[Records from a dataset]
■ ■ ■
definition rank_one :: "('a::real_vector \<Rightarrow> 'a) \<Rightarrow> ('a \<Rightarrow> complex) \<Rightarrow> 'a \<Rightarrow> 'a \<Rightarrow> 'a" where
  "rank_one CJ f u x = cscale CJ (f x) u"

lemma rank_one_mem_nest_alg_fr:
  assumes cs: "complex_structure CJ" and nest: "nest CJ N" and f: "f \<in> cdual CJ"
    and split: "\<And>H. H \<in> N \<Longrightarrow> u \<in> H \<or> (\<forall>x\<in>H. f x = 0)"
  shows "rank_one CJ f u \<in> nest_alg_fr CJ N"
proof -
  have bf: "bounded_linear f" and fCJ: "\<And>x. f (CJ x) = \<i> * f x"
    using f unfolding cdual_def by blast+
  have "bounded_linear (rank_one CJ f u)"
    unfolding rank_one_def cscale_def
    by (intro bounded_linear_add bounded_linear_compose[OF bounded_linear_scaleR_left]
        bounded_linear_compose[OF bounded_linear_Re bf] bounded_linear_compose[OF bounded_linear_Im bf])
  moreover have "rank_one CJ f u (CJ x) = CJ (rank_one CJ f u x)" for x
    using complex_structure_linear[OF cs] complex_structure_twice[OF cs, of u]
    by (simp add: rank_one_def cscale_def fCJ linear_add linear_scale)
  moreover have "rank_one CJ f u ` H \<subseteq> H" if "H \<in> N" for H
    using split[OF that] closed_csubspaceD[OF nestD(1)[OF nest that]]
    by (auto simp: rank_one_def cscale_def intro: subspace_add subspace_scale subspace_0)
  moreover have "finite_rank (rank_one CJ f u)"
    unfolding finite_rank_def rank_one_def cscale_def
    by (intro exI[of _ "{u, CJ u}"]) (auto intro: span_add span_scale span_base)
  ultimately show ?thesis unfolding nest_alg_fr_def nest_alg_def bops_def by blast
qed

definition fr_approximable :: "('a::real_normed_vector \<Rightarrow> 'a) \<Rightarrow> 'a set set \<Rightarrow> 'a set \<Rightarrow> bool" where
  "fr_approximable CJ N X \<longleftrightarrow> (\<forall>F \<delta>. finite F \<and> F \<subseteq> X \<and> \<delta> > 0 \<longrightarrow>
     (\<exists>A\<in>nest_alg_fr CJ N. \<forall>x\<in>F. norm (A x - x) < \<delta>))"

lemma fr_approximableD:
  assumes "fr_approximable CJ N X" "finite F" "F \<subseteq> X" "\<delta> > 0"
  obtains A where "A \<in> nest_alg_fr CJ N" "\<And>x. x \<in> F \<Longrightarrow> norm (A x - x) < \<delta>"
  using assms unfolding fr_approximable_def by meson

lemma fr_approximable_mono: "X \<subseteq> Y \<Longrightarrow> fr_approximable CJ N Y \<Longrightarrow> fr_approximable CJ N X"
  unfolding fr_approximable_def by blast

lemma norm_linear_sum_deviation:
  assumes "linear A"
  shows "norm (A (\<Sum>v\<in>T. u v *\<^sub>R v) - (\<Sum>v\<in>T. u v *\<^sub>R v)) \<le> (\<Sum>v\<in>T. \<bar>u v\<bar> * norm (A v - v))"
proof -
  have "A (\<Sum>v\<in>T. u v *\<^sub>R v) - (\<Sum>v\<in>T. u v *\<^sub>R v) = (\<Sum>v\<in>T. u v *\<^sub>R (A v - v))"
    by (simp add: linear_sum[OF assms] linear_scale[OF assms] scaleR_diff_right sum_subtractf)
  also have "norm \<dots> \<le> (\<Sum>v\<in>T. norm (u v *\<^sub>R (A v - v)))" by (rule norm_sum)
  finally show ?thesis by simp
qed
■ ■ ■
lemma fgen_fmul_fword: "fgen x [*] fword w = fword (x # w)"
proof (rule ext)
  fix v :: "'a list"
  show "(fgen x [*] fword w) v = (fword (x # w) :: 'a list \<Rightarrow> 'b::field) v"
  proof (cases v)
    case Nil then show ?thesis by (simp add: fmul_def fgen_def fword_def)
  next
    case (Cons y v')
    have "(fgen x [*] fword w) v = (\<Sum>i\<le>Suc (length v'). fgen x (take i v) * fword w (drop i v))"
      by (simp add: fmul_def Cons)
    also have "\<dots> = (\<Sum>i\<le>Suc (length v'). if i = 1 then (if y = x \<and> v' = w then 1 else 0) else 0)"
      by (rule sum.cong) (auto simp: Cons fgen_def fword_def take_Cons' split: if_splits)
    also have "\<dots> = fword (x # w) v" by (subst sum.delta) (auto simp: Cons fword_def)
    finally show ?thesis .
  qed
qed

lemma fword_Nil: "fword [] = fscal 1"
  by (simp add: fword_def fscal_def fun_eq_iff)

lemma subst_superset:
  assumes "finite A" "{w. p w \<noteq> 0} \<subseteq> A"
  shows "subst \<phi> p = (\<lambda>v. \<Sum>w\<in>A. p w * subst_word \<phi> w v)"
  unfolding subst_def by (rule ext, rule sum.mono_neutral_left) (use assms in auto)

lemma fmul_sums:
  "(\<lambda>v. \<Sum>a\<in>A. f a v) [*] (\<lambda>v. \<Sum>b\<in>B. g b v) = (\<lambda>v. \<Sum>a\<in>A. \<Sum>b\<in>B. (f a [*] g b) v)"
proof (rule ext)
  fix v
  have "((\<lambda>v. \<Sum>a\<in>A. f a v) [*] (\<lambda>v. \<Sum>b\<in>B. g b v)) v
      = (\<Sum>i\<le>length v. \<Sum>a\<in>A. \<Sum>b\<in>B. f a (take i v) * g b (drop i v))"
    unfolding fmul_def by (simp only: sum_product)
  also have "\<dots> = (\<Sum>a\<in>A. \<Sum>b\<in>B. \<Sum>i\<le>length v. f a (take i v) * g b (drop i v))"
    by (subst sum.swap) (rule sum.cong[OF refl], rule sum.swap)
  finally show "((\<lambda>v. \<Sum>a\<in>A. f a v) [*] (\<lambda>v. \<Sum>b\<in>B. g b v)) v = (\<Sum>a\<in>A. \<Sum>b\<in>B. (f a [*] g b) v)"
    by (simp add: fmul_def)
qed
■ ■ ■
Task statement - Taking the entries above, restate exactly those lines that fall between the line with "by (intro bounded_linear_add" and the line with "by (simp add: rank_one_def", keeping both of those lines too.

Exercise result -
    by (intro bounded_linear_add bounded_linear_compose[OF bounded_linear_scaleR_left]
        bounded_linear_compose[OF bounded_linear_Re bf] bounded_linear_compose[OF bounded_linear_Im bf])
  moreover have "rank_one CJ f u (CJ x) = CJ (rank_one CJ f u x)" for x
    using complex_structure_linear[OF cs] complex_structure_twice[OF cs, of u]
    by (simp add: rank_one_def cscale_def fCJ linear_add linear_scale)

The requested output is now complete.